For reference the following benchmark script was used with arbitrarily chosen graphs of medium sizes
import time
import rustworkx
import networkx
benchmarks = [
("Ring of Cliques - 10 cliques", networkx.ring_of_cliques(10, 100)),
("Ring of Cliques - 100 cliques", networkx.ring_of_cliques(100, 10)),
("Mycielski Graph", networkx.mycielski_graph(10)),
("Margulis-Gabber-Galil graph", networkx.margulis_gabber_galil_graph(50)),
("Hexagonal graph", rustworkx.generators.hexagonal_lattice_graph(40, 40)),
(
"G_nm graph - 1_000 nodes",
rustworkx.undirected_gnm_random_graph(1_000, 5_000, seed=2022),
),
(
"G_nm graph - 5_000 nodes",
rustworkx.undirected_gnm_random_graph(5_000, 25_000, seed=2022),
),
]
for graph_name, graph in benchmarks:
if isinstance(graph, networkx.Graph):
graph = rustworkx.networkx_converter(graph)
start = time.time()
res = rustworkx.stoer_wagner_min_cut(graph)
stop = time.time()
run_time = stop - start
print(
f"{graph_name}: \n {run_time:.3} sec"
)
resulting in
Graphs | c83ad1f | b81ffa0 |
---|---|---|
Ring of Cliques - 10 cliques | 1.33 sec | 2.52 sec |
Ring of Cliques - 100 cliques | 0.22 sec | 0.15 sec |
Mycielski graph | 0.96 sec | 6.59 sec |
Margulis-Gabber-Galil graph | 2.59 sec | 2.36 sec |
Hexagonal graph | 2.12 sec | 1.39 sec |
G_nm graph - 1_000 nodes | 0.44 sec | 0.42 sec |
G_nm graph - 5_000 nodes | 15.6 sec | 17.8 sec |
Thank you for the quick benchmarking, @georgios-ts. I run the above code in my local environment and got the similar results. I was curious about the surge in the Mycielski Graph case of b81ffa0 (networkx-like). I investigated it a bit and found out that is caused by adding parallel edges in the contraction of triangle subgraph structure. I examined the following changes to b81ffa0
@@ -165,7 +165,13 @@ where
.map(|edge| (s, edge.target(), *edge.weight()))
.collect::<Vec<_>>();
for (source, target, cost) in edges {
- graph_with_super_nodes.add_edge(source, target, cost);
+ if let Some(edge_index) = graph_with_super_nodes.find_edge(source, target) {
+ if let Some(edge_weight) = graph_with_super_nodes.edge_weight_mut(edge_index) {
+ *edge_weight += cost;
+ }
+ } else {
+ graph_with_super_nodes.add_edge(source, target, cost);
+ }
and observed performance improvement as shown below.
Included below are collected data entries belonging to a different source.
(* Let $A$ be a $\boldsymbol{\mathit{ba}\ell}$-algebra, $B$ the free boolean extension of ${\sf Arch}(A)$, and work in $D(\mathbb R[B])$. (1) For every $I\in{\sf Arch}(A)$, $x_I=\bigvee\{x_{\lnot J}\mid J\in{\sf Arch}(A),\ J\vee I=A\}$. (2) If $0\le f\in D(\mathbb R[B])$, then there are reals $r_I\ge0$ ($I\in{\sf Arch}(A)$) with $f=\bigvee\{r_Ix_{\lnot I}\mid I\in{\sf Arch}(A)\}$. (3) If $0\le f\in D(\mathbb R[B])$, $0\le t\in\mathbb R$, and $f=\bigvee\{r_Ix_{\lnot I}\mid I\in{\sf Arch}(A)\}$ with all $r_I\ge0$, then $f+t=\bigvee\{(t+r_I)x_{\lnot I}\mid I\in{\sf Arch}(A)\}$.
   Context: A $\boldsymbol{\mathit{ba}\ell}$-algebra is a commutative unital lattice-ordered algebra $A$ over $\mathbb R$ that is bounded (for every $a\in A$ there is an integer $n\ge1$ with $a\le n\cdot1$) and archimedean (if $na\le b$ for all $n\ge1$ then $a\le0$). An $\ell$-ideal is a ring ideal $I$ with $|a|\le|b|$, $b\in I\Rightarrow a\in I$; it is archimedean if $A/I$ is archimedean. ${\sf Arch}(A)$ is the set of archimedean $\ell$-ideals ordered by inclusion; it is a compact regular frame, with meet $\cap$ and join $I\vee J$ the least archimedean $\ell$-ideal containing $I\cup J$. $B$ is the free boolean extension of the bounded distributive lattice ${\sf Arch}(A)$ (boolean algebra generated by ${\sf Arch}(A)$ as a bounded sublattice, with the universal property for bounded lattice maps into boolean algebras); ${\sf Arch}(A)\subseteq B$ and $\lnot$ is complement in $B$. $\mathbb R[B]$ is the quotient of $\mathbb R[x_e\mid e\in B]$ by the ideal generated by $x_{e\wedge f}-x_ex_f$, $x_{e\vee f}-(x_e+x_f-x_ex_f)$, $x_{\lnot e}-(1-x_e)$, $x_0$; it is a $\boldsymbol{\mathit{ba}\ell}$-algebra. $D(\mathbb R[B])$ is its Dedekind completion (Dedekind complete $\boldsymbol{\mathit{ba}\ell}$-algebra containing $\mathbb R[B]$, every element a join of elements of $\mathbb R[B]$). *)

theory Defs
  imports Main "HOL-Library.Lattice_Algebras"
begin

definition is_join :: "'a::order set \<Rightarrow> 'a \<Rightarrow> bool" where
  "is_join S f \<longleftrightarrow> (\<forall>s\<in>S. s \<le> f) \<and> (\<forall>u. (\<forall>s\<in>S. s \<le> u) \<longrightarrow> f \<le> u)"

definition bal_algebra :: "('a::{comm_ring_1, real_algebra_1, lattice}) itself \<Rightarrow> bool" where
  "bal_algebra _ \<longleftrightarrow>
     (\<forall>a b c :: 'a. a \<le> b \<longrightarrow> a + c \<le> b + c) \<and>
     (\<forall>a b :: 'a. 0 \<le> a \<and> 0 \<le> b \<longrightarrow> 0 \<le> a * b) \<and>
     (\<forall>(r::real) (a::'a). 0 \<le> r \<and> 0 \<le> a \<longrightarrow> 0 \<le> r *\<^sub>R a) \<and>
     (\<forall>a :: 'a. \<exists>n::nat. n \<ge> 1 \<and> a \<le> of_nat n) \<and>
     (\<forall>a b :: 'a. (\<forall>n::nat. n \<ge> 1 \<longrightarrow> of_nat n * a \<le> b) \<longrightarrow> a \<le> 0)"

definition dedekind_complete :: "('a::order) itself \<Rightarrow> bool" where
  "dedekind_complete _ \<longleftrightarrow>
     (\<forall>S :: 'a set. S \<noteq> {} \<and> (\<exists>u. \<forall>s\<in>S. s \<le> u) \<longrightarrow> (\<exists>f. is_join S f))"

definition labs :: "'a::{lattice, uminus} \<Rightarrow> 'a" where
  "labs a = sup a (- a)"

definition l_ideal :: "('a::{comm_ring_1, lattice}) set \<Rightarrow> bool" where
  "l_ideal I \<longleftrightarrow> 0 \<in> I \<and> (\<forall>a\<in>I. \<forall>b\<in>I. a + b \<in> I) \<and> (\<forall>a\<in>I. - a \<in> I) \<and>
     (\<forall>a. \<forall>b\<in>I. a * b \<in> I) \<and> (\<forall>a b. labs a \<le> labs b \<and> b \<in> I \<longrightarrow> a \<in> I)"

text \<open>Archimedean l-ideal: A/I archimedean.  In A/I, [a] <= [b] iff (a - b)^+ \<in> I,
  so "n[a] <= [b] for all n >= 1 implies [a] <= 0" unfolds to the following.\<close>
definition arch_ideal :: "('a::{comm_ring_1, lattice}) set \<Rightarrow> bool" where
  "arch_ideal I \<longleftrightarrow> l_ideal I \<and>
     (\<forall>a b. (\<forall>n::nat. n \<ge> 1 \<longrightarrow> sup (of_nat n * a - b) 0 \<in> I) \<longrightarrow> sup a 0 \<in> I)"

definition Arch :: "('a::{comm_ring_1, lattice}) set set" where
  "Arch = {I. arch_ideal I}"

definition arch_join :: "('a::{comm_ring_1, lattice}) set \<Rightarrow> 'a set \<Rightarrow> 'a set" where
  "arch_join I J = \<Inter> {K. arch_ideal K \<and> I \<union> J \<subseteq> K}"

inductive_set bool_gen :: "'b::boolean_algebra set \<Rightarrow> 'b set" for G where
  base: "g \<in> G \<Longrightarrow> g \<in> bool_gen G"
| bot: "bot \<in> bool_gen G"
| top: "top \<in> bool_gen G"
| inf: "a \<in> bool_gen G \<Longrightarrow> b \<in> bool_gen G \<Longrightarrow> inf a b \<in> bool_gen G"
| sup: "a \<in> bool_gen G \<Longrightarrow> b \<in> bool_gen G \<Longrightarrow> sup a b \<in> bool_gen G"
| compl: "a \<in> bool_gen G \<Longrightarrow> - a \<in> bool_gen G"

text \<open>emb : Arch(A) -> B exhibits B as the free boolean extension of the bounded
  distributive lattice Arch(A): a bounded lattice embedding whose image generates B.\<close>
definition free_bool_ext :: "('a::{comm_ring_1, lattice} set \<Rightarrow> 'b::boolean_algebra) \<Rightarrow> bool" where
  "free_bool_ext emb \<longleftrightarrow>
     inj_on emb Arch \<and> emb {0} = bot \<and> emb UNIV = top \<and>
     (\<forall>I\<in>Arch. \<forall>J\<in>Arch. emb (I \<inter> J) = inf (emb I) (emb J)) \<and>
     (\<forall>I\<in>Arch. \<forall>J\<in>Arch. emb (arch_join I J) = sup (emb I) (emb J)) \<and>
     bool_gen (emb ` Arch) = UNIV"

text \<open>The image of R[B] in D: real linear combinations of the x_e.\<close>
definition RB_image :: "('b \<Rightarrow> 'd::real_vector) \<Rightarrow> 'd set" where
  "RB_image x = {(\<Sum>e\<in>F. c e *\<^sub>R x e) | F c. finite F}"

text \<open>x : B -> D exhibits D as D(R[B]): D is a Dedekind complete ba-l-algebra, x satisfies
  the defining relations of R[B], the induced map R[B] -> D is injective, and every
  element of D is a join of elements of R[B].\<close>
definition dedekind_completion_RB ::
  "('b::boolean_algebra \<Rightarrow> 'd::{comm_ring_1, real_algebra_1, lattice}) \<Rightarrow> bool" where
  "dedekind_completion_RB x \<longleftrightarrow>
     bal_algebra TYPE('d) \<and> dedekind_complete TYPE('d) \<and>
     (\<forall>e f. x (inf e f) = x e * x f) \<and>
     (\<forall>e f. x (sup e f) = x e + x f - x e * x f) \<and>
     (\<forall>e. x (- e) = 1 - x e) \<and>
     x bot = 0 \<and>
     (\<forall>e. x e = 0 \<longrightarrow> e = bot) \<and>
     (\<forall>f. \<exists>S \<subseteq> RB_image x. is_join S f)"

end

theory Submission
  imports Defs
begin

text \<open>
  Everything rests on two density facts. In the free boolean extension B every nonzero element
  lies above a nonzero complement - I of an archimedean ideal: it contains some nonzero
  K \<sqinter> - L, and because Arch(A) is a regular frame (for a in K but not in L take
  p = (n|a| - 1)^+ outside L and J the polar of p) there is J with J \<squnion> K = A and
  - (J \<squnion> L) = K \<sqinter> - L \<sqinter> - J \<noteq> 0. In D(R[B]) every element is a join of step functions
  \<Sum> c_e x_e, so every positive nonzero element dominates some d x_g with d > 0 and g \<noteq> 0.
  Together: a positive element dominating no d x(- I) is zero. This gives the least-upper-bound
  halves of (1) and (2), in (2) with r_I the largest r such that r x(- I) \<le> f. For (3), split
  an upper bound u as u x(- I) + u x(I) and use x(- {0}) = 1.
\<close>

context lattice_ab_group_add
begin

lemma sup_neg_0_eq_neg_inf: "sup (- a) 0 = - inf a 0"
  using neg_inf_eq_sup[of a 0] by (simp only: minus_zero)

lemma pos_part_diff_neg_part: "sup a 0 - sup (- a) 0 = a"
  using add_eq_inf_sup[of a 0] unfolding sup_neg_0_eq_neg_inf diff_minus_eq_add by (simp only: add_0_right)

lemma inf_pos_part_neg_part: "inf (sup a 0) (sup (- a) 0) = 0"
proof -
  have "sup (- a) 0 = sup a 0 - (sup a 0 - sup (- a) 0)"
    by (simp only: diff_diff_eq2 add_diff_cancel_left')
  also have "\<dots> = sup a 0 + - a"
    unfolding pos_part_diff_neg_part by (rule diff_conv_add_uminus)
  finally have "inf (sup a 0) (sup (- a) 0) = sup a 0 + inf 0 (- a)"
    by (simp only: add_inf_distrib_left add_0_right)
  also have "inf 0 (- a) = - sup a 0"
    using neg_sup_eq_inf[of 0 a] by (simp only: minus_zero sup_commute)
  finally show ?thesis by (simp only: add.right_inverse)
qed

lemma inf_add_eq_0:
  assumes "0 \<le> p" "0 \<le> q" "0 \<le> c" "inf p c = 0" "inf q c = 0"
  shows "inf (p + q) c = 0"
proof (rule order.antisym)
  have "inf (p + q) c \<le> inf (p + q) (c + q)"
    using assms(2) by (intro inf_mono) (simp_all add: add_increasing2)
  also have "\<dots> = q"
    using assms(4) add_inf_distrib_right[of p c q] by simp
  finally have "inf (p + q) c \<le> inf q c" by simp
  then show "inf (p + q) c \<le> 0" using assms(5) by simp
  show "0 \<le> inf (p + q) c" using assms by simp
qed

lemma pos_part_le_pos_part_diff_add: "sup a 0 \<le> sup (a - b) 0 + sup b 0"
proof (rule sup_least)
  have "a = (a - b) + b" by simp
  also have "\<dots> \<le> sup (a - b) 0 + sup b 0" by (intro add_mono) simp_all
  finally show "a \<le> sup (a - b) 0 + sup b 0" .
  show "0 \<le> sup (a - b) 0 + sup b 0" by (intro add_nonneg_nonneg) simp_all
qed

lemma inf_eq_0_if_le:
  assumes "0 \<le> a" "a \<le> b" "0 \<le> c" "inf b c = 0"
  shows "inf a c = 0"
proof (rule order.antisym)
  have "inf a c \<le> inf b c" using assms(2) by (rule inf_mono) (rule order_refl)
  then show "inf a c \<le> 0" using assms(4) by simp
  show "0 \<le> inf a c" using assms(1,3) by simp
qed

end

context lattice_ab_group_add_abs
begin

lemma abs_eq_pos_part_add_neg_part: "\<bar>a\<bar> = sup a 0 + sup (- a) 0"
  unfolding abs_prts pprt_def nprt_def sup_neg_0_eq_neg_inf by (rule diff_conv_add_uminus)

end

definition polar :: "'a::{ab_group_add, lattice} set \<Rightarrow> 'a set" where
  "polar S = {z. \<forall>y\<in>S. inf (labs z) (labs y) = 0}"

locale bal =
  fixes T :: "'a::{comm_ring_1, real_algebra_1, lattice} itself"
  assumes bal: "bal_algebra T"
begin

lemma bal_add_right_mono: "a \<le> b \<Longrightarrow> a + c \<le> b + (c::'a)"
  and bal_mult_nonneg: "0 \<le> a \<Longrightarrow> 0 \<le> b \<Longrightarrow> 0 \<le> a * (b::'a)"
  and bal_scaleR_nonneg: "0 \<le> r \<Longrightarrow> 0 \<le> a \<Longrightarrow> 0 \<le> r *\<^sub>R (a::'a)"
  and bal_bounded: "\<exists>n::nat. n \<ge> 1 \<and> (a::'a) \<le> of_nat n"
  and bal_archimedean: "(\<And>n::nat. n \<ge> 1 \<Longrightarrow> of_nat n * a \<le> b) \<Longrightarrow> (a::'a) \<le> 0"
  using bal unfolding bal_algebra_def by blast+

sublocale L: lattice_ring labs "(+)" 0 "(-)" uminus "(\<le>)" "(<)" inf sup "(*) :: 'a \<Rightarrow> 'a \<Rightarrow> 'a"
proof unfold_locales
  fix a b c :: 'a
  show "a \<le> b \<Longrightarrow> c + a \<le> c + b" using bal_add_right_mono by (simp add: add.commute)
  assume "a \<le> b" "0 \<le> c"
  moreover have "0 \<le> b - a \<longleftrightarrow> a \<le> b"
    using bal_add_right_mono[of 0 "b - a" a] bal_add_right_mono[of a b "- a"] by auto
  moreover have "0 \<le> c * b - c * a \<longleftrightarrow> c * a \<le> c * b"
    using bal_add_right_mono[of 0 "c * b - c * a" "c * a"] bal_add_right_mono[of "c * a" "c * b" "- (c * a)"]
    by auto
  ultimately show "c * a \<le> c * b" and "a * c \<le> b * c"
    using bal_mult_nonneg[of c "b - a"] by (simp_all add: right_diff_distrib mult.commute)
qed (simp_all add: labs_def less_le_not_le)

lemma scaleR_left_mono: "a \<le> b \<Longrightarrow> 0 \<le> r \<Longrightarrow> r *\<^sub>R a \<le> r *\<^sub>R (b::'a)"
  using bal_scaleR_nonneg[of r "b - a"] by (simp add: scaleR_diff_right L.diff_ge_0_iff_ge)

lemma scaleR_right_mono: "r \<le> s \<Longrightarrow> 0 \<le> a \<Longrightarrow> r *\<^sub>R a \<le> s *\<^sub>R (a::'a)"
  using bal_scaleR_nonneg[of "s - r" a] by (simp add: scaleR_diff_left L.diff_ge_0_iff_ge)

lemma of_nat_eq_scaleR_one: "(of_nat n :: 'a) = real n *\<^sub>R 1"
  by (simp add: scaleR_conv_of_real)

lemma zero_le_one: "0 \<le> (1::'a)"
proof -
  obtain n :: nat where "- 1 \<le> (of_nat n :: 'a)" using bal_bounded by blast
  then have "0 \<le> (of_nat n :: 'a) - - 1" by (simp only: L.diff_ge_0_iff_ge)
  also have "(of_nat n :: 'a) - - 1 = of_nat (Suc n)" by simp
  also have "\<dots> = real (Suc n) *\<^sub>R 1" by (rule of_nat_eq_scaleR_one)
  finally have "0 \<le> real (Suc n) *\<^sub>R (1::'a)" .
  then have "0 \<le> (1 / real (Suc n)) *\<^sub>R (real (Suc n) *\<^sub>R (1::'a))"
    by (rule bal_scaleR_nonneg[rotated]) simp
  then show ?thesis by simp
qed

lemma of_nat_mult_eq_scaleR: "of_nat n * a = real n *\<^sub>R (a::'a)"
  by (simp add: of_nat_eq_scaleR_one)

lemma of_nat_nonneg: "0 \<le> (of_nat n :: 'a)"
  unfolding of_nat_eq_scaleR_one using zero_le_one by (intro bal_scaleR_nonneg) simp_all

lemma inf_of_nat_mult_eq_0:
  assumes "0 \<le> p" "0 \<le> c" "inf p c = 0"
  shows "inf (of_nat n * p) (c::'a) = 0"
proof (induction n)
  case 0
  show ?case using assms(2) by (simp add: inf_absorb1)
next
  case (Suc n)
  have "0 \<le> of_nat n * p" using of_nat_nonneg assms(1) by (rule L.mult_nonneg_nonneg)
  with assms have "inf (p + of_nat n * p) c = 0" using Suc.IH by (intro L.inf_add_eq_0[of p])
  then show ?case by (simp add: distrib_right)
qed

text \<open>Boundedness makes the algebra an f-ring.\<close>
lemma inf_mult_eq_0:
  assumes "0 \<le> p" "0 \<le> c" "inf p c = 0" "0 \<le> a"
  shows "inf (a * p) (c::'a) = 0"
proof -
  obtain n :: nat where "a \<le> of_nat n" using bal_bounded by blast
  then have "a * p \<le> of_nat n * p" using assms(1) by (rule L.mult_right_mono)
  moreover have "inf (of_nat n * p) c = 0" using assms(1-3) by (rule inf_of_nat_mult_eq_0)
  moreover have "0 \<le> a * p" using assms(4,1) by (rule L.mult_nonneg_nonneg)
  ultimately show ?thesis using assms(2) by (intro L.inf_eq_0_if_le[of "a * p" "of_nat n * p"])
qed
Networkx-like implementation: (b81ffa0 + alpha)
Ring of Cliques - 10 cliques: 0.734 sec
Ring of Cliques - 100 cliques: 0.128 sec
Mycielski Graph: 0.512 sec
Margulis-Gabber-Galil graph: 1.49 sec
Hexagonal graph: 1.06 sec
G_nm graph - 1_000 nodes: 0.261 sec
G_nm graph - 5_000 nodes: 8.87 sec
DisjointSet implementation (c83ad1f):
Ring of Cliques - 10 cliques: 1.22 sec
Ring of Cliques - 100 cliques: 0.195 sec
Mycielski Graph: 0.814 sec
Margulis-Gabber-Galil graph: 2.27 sec
Hexagonal graph: 1.8 sec
G_nm graph - 1_000 nodes: 0.398 sec
G_nm graph - 5_000 nodes: 13.2 sec
I think now we can pick the networkx-like implementation with some confidence. What do you think?
Thanks for going deep into this. Good point! Parallel edges increase the number of updates in the priority queue and hence the slowdown. I applied your suggestion in 98c5f84.